Service dress uniform is the informal type of uniform used by military, police, fire and other public uniformed services for everyday office, barracks and non-field duty purposes and sometimes for ceremonial occasions. It frequently consists of a jacket, trousers, dress shirt, and neck tie, along with orders, medals, and insignia. Design may depend on regiment or service branch, e.g. army, navy, air force, marines, etc. In Western dress codes, a service dress uniform is a permitted supplementary alternative equivalent to the civilian suit—sometimes collectively called undress or "dress clothes". As such, a service dress uniform is considered less formal than both full dress and mess dress uniforms, but more formal than combat uniforms.

Service dress uniforms were originally worn in active service in the field or at sea, but became relegated to office, barracks, and walking out dress as more practical field uniforms evolved. In some parts of some armed forces such as the British Army, service dress uniform may also be used for ceremonial occasions, gradually replacing in this role the full dress uniforms that had preceded them as field uniforms.

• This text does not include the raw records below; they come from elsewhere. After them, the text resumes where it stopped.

lemma orthogonal_congruence_eigen_block:
  fixes A W :: "real mat"
  assumes A: "A \<in> carrier_mat (Suc m) (Suc m)" and sym: "transpose_mat A = A"
    and W: "W \<in> carrier_mat (Suc m) (Suc m)" "transpose_mat W * W = 1\<^sub>m (Suc m)" "col W 0 = v"
    and ev: "A *\<^sub>v v = lam \<cdot>\<^sub>v v"
  defines "A' \<equiv> transpose_mat W * A * W"
  shows "transpose_mat A' = A'"
    and "A' = four_block_mat (mat 1 1 (\<lambda>_. lam)) (0\<^sub>m 1 m) (0\<^sub>m m 1) (mat m m (\<lambda>(i, j). A' $$ (Suc i, Suc j)))"
proof -
  have WT: "transpose_mat W \<in> carrier_mat (Suc m) (Suc m)" using W by simp
  have AW: "A * W \<in> carrier_mat (Suc m) (Suc m)" using A W by simp
  have A': "A' \<in> carrier_mat (Suc m) (Suc m)" unfolding A'_def using W A by simp
  have "transpose_mat A' = transpose_mat (transpose_mat W * (A * W))"
    unfolding A'_def using W A WT by simp
  also have "\<dots> = transpose_mat W * A * W"
    using transpose_mult[OF WT AW] transpose_mult[OF A W(1)] sym by simp
  finally show A'_sym: "transpose_mat A' = A'" unfolding A'_def .
  have "col A' 0 = transpose_mat W *\<^sub>v (A *\<^sub>v col W 0)"
    unfolding A'_def using W A WT col_mult2[OF WT AW] col_mult2[OF A W(1)] by simp
  also have "\<dots> = lam \<cdot>\<^sub>v col (transpose_mat W * W) 0"
    using W WT ev col_mult2[OF WT W(1)] mult_mat_vec[OF WT, of v] by auto
  finally have col0: "col A' 0 = lam \<cdot>\<^sub>v unit_vec (Suc m) 0"
    using W(2) by simp
  have A'_i0: "A' $$ (i, 0) = (if i = 0 then lam else 0)" if "i < Suc m" for i
    using arg_cong[OF col0, of "\<lambda>x. x $ i"] that A' by (auto simp: unit_vec_def)
  have A'_0j: "A' $$ (0, j) = (if j = 0 then lam else 0)" if "j < Suc m" for j
    using arg_cong[OF A'_sym, of "\<lambda>M. M $$ (j, 0)"] A'_i0[OF that] that A' by auto
  show "A' = four_block_mat (mat 1 1 (\<lambda>_. lam)) (0\<^sub>m 1 m) (0\<^sub>m m 1) (mat m m (\<lambda>(i, j). A' $$ (Suc i, Suc j)))"
  proof (rule eq_matI)
    fix i j assume "i < dim_row (four_block_mat (mat 1 1 (\<lambda>_. lam)) (0\<^sub>m 1 m) (0\<^sub>m m 1) (mat m m (\<lambda>(i, j). A' $$ (Suc i, Suc j))))"
      "j < dim_col (four_block_mat (mat 1 1 (\<lambda>_. lam)) (0\<^sub>m 1 m) (0\<^sub>m m 1) (mat m m (\<lambda>(i, j). A' $$ (Suc i, Suc j))))"
    then have "i < Suc m" "j < Suc m" by auto
    then show "A' $$ (i, j) = four_block_mat (mat 1 1 (\<lambda>_. lam)) (0\<^sub>m 1 m) (0\<^sub>m m 1) (mat m m (\<lambda>(i, j). A' $$ (Suc i, Suc j))) $$ (i, j)"
      using A'_i0 A'_0j by (cases i; cases j) auto
  qed (use A' in auto)
qed

lemma block_orthogonal_congruence:
  fixes P A1 A2 :: "'a::comm_ring_1 mat"
  assumes P: "P \<in> carrier_mat m m" "transpose_mat P * P = 1\<^sub>m m"
    and A1: "A1 \<in> carrier_mat 1 1" and A2: "A2 \<in> carrier_mat m m"
  defines "F \<equiv> four_block_mat (1\<^sub>m 1) (0\<^sub>m 1 m) (0\<^sub>m m 1) P"
  shows "F \<in> carrier_mat (Suc m) (Suc m)"
    and "transpose_mat F * F = 1\<^sub>m (Suc m)"
    and "transpose_mat F * four_block_mat A1 (0\<^sub>m 1 m) (0\<^sub>m m 1) A2 * F
       = four_block_mat A1 (0\<^sub>m 1 m) (0\<^sub>m m 1) (transpose_mat P * A2 * P)"
proof -
  have PT: "transpose_mat P \<in> carrier_mat m m" using P by simp
  have FT: "transpose_mat F = four_block_mat (1\<^sub>m 1) (0\<^sub>m 1 m) (0\<^sub>m m 1) (transpose_mat P)"
    unfolding F_def using P by (subst transpose_four_block_mat[of _ 1 1 _ m _ m]) auto
  show "F \<in> carrier_mat (Suc m) (Suc m)"
    unfolding F_def using four_block_carrier_mat[OF one_carrier_mat P(1), of 1] by simp
  show "transpose_mat F * F = 1\<^sub>m (Suc m)"
    unfolding FT unfolding F_def using P PT by (subst mult_four_block_mat[of _ 1 1 _ m _ m _ _ 1 _ m]) auto
  show "transpose_mat F * four_block_mat A1 (0\<^sub>m 1 m) (0\<^sub>m m 1) A2 * F
      = four_block_mat A1 (0\<^sub>m 1 m) (0\<^sub>m m 1) (transpose_mat P * A2 * P)"
    unfolding FT unfolding F_def using P PT A1 A2
    by (subst mult_four_block_mat[of _ 1 1 _ m _ m _ _ 1 _ m], auto)+
qed

lemma transpose_mult_congruence:
  fixes A W F :: "'a::comm_ring_1 mat"
  assumes A: "A \<in> carrier_mat n n" and W: "W \<in> carrier_mat n n" and F: "F \<in> carrier_mat n n"
  shows "transpose_mat (W * F) * A * (W * F) = transpose_mat F * (transpose_mat W * A * W) * F"
proof -
  have WT: "transpose_mat W \<in> carrier_mat n n" and FT: "transpose_mat F \<in> carrier_mat n n"
    using W F by auto
  have WTA: "transpose_mat W * A \<in> carrier_mat n n" using WT A by simp
  have "transpose_mat (W * F) * A * (W * F) = transpose_mat F * (transpose_mat W * A) * (W * F)"
    using transpose_mult[OF W F] assoc_mult_mat[OF FT WT A] by simp
  also have "\<dots> = transpose_mat F * ((transpose_mat W * A * W) * F)"
    using assoc_mult_mat[OF FT WTA, of "W * F" n] assoc_mult_mat[OF WTA W F] W F by simp
  also have "\<dots> = transpose_mat F * (transpose_mat W * A * W) * F"
    using assoc_mult_mat[OF FT _ F, of "transpose_mat W * A * W"] WTA W by simp
  finally show ?thesis .
qed

lemma orthogonal_mult:
  fixes W F :: "'a::comm_ring_1 mat"
  assumes "W \<in> carrier_mat n n" "transpose_mat W * W = 1\<^sub>m n"
    and "F \<in> carrier_mat n n" "transpose_mat F * F = 1\<^sub>m n"
  shows "transpose_mat (W * F) * (W * F) = 1\<^sub>m n"
  using transpose_mult_congruence[OF one_carrier_mat assms(1,3)] assms by simp

lemma four_block_mat_diag:
  "four_block_mat (mat 1 1 (\<lambda>_. x)) (0\<^sub>m 1 m) (0\<^sub>m m 1) (mat_diag m d) = mat_diag (Suc m) (case_nat x d)"
  by (rule eq_matI) (auto simp: mat_diag_def split: nat.split)

theorem symmetric_orthogonal_diagonalization:
  fixes A :: "real mat"
  assumes "A \<in> carrier_mat n n" and "transpose_mat A = A"
  shows "\<exists>P d. P \<in> carrier_mat n n \<and> transpose_mat P * P = 1\<^sub>m n \<and> transpose_mat P * A * P = mat_diag n d"
  using assms
proof (induction n arbitrary: A)
  case 0
  then show ?case
    by (intro exI[of _ "1\<^sub>m 0"] exI[of _ "\<lambda>_. 0"]) (auto simp: mat_diag_def intro!: eq_matI)
next
  case (Suc m)
  obtain lam v where v: "v \<in> carrier_vec (Suc m)" "v \<bullet> v = 1" "A *\<^sub>v v = lam \<cdot>\<^sub>v v"
    using symmetric_unit_eigenvector[OF Suc.prems] by blast
  obtain W where W: "W \<in> carrier_mat (Suc m) (Suc m)" "transpose_mat W * W = 1\<^sub>m (Suc m)" "col W 0 = v"
    using unit_vector_orthogonal_extension[OF v(1,2)] by blast
  define A' where "A' = transpose_mat W * A * W"
  define A2 where "A2 = mat m m (\<lambda>(i, j). A' $$ (Suc i, Suc j))"
  have A'_sym: "transpose_mat A' = A'"
    and A'_block: "A' = four_block_mat (mat 1 1 (\<lambda>_. lam)) (0\<^sub>m 1 m) (0\<^sub>m m 1) A2"
    using orthogonal_congruence_eigen_block[OF Suc.prems W v(3)] unfolding A'_def A2_def by blast+
  have "A' $$ (j, i) = A' $$ (i, j)" if "i < Suc m" "j < Suc m" for i j
    using arg_cong[OF A'_sym, of "\<lambda>M. M $$ (i, j)"] that W(1) Suc.prems(1) by (simp add: A'_def)
  then have "transpose_mat A2 = A2"
    by (intro eq_matI) (auto simp: A2_def)
  with Suc.IH[of A2] obtain P2 d2 where P2: "P2 \<in> carrier_mat m m" "transpose_mat P2 * P2 = 1\<^sub>m m"
    "transpose_mat P2 * A2 * P2 = mat_diag m d2"
    by (auto simp: A2_def)
  define F where "F = four_block_mat (1\<^sub>m 1) (0\<^sub>m 1 m) (0\<^sub>m m 1) P2"
  have "mat 1 1 (\<lambda>_. lam) \<in> carrier_mat 1 1" "A2 \<in> carrier_mat m m"
    by (auto simp: A2_def)
  note F = block_orthogonal_congruence[OF P2(1,2) this, folded F_def]
  have "transpose_mat (W * F) * A * (W * F) = mat_diag (Suc m) (case_nat lam d2)"
    using transpose_mult_congruence[OF Suc.prems(1) W(1) F(1)] F(3) P2(3) A'_block
      four_block_mat_diag[of lam m d2]
    by (simp add: A'_def A2_def)
  then show ?case
    using orthogonal_mult[OF W(1,2) F(1,2)] W(1) F(1)
    by (intro exI[of _ "W * F"] exI[of _ "case_nat lam d2"]) simp
qed

section \<open>Counting eigenvalues below a threshold\<close>

definition eigenvalue_count :: "real mat \<Rightarrow> real \<Rightarrow> nat" where
  "eigenvalue_count L c = (\<Sum>x\<in>{x. eigenvalue L x \<and> x < c}. order x (char_poly L))"

lemma eigenvalue_count_similar:
  assumes "similar_mat A B" and "A \<in> carrier_mat n n" and "B \<in> carrier_mat n n"
  shows "eigenvalue_count A c = eigenvalue_count B c"
  using char_poly_similar[OF assms(1)] eigenvalue_root_char_poly[OF assms(2)]
    eigenvalue_root_char_poly[OF assms(3)]
  by (simp add: eigenvalue_count_def)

In the United States Navy, for example, service dress uniforms are worn for official functions not rising to the level of full dress or mess dress uniforms. They are also commonly worn when travelling in official capacity, or when reporting to a command. They may be seasonal, with a white uniform worn in summer and darker versions in winter.

== History ==
The origins of the service dress can be traced back to when the British introduced khaki to their uniforms in India in the mid 18th century, with its official introduction into the regular British Army commenced in the early 1900s.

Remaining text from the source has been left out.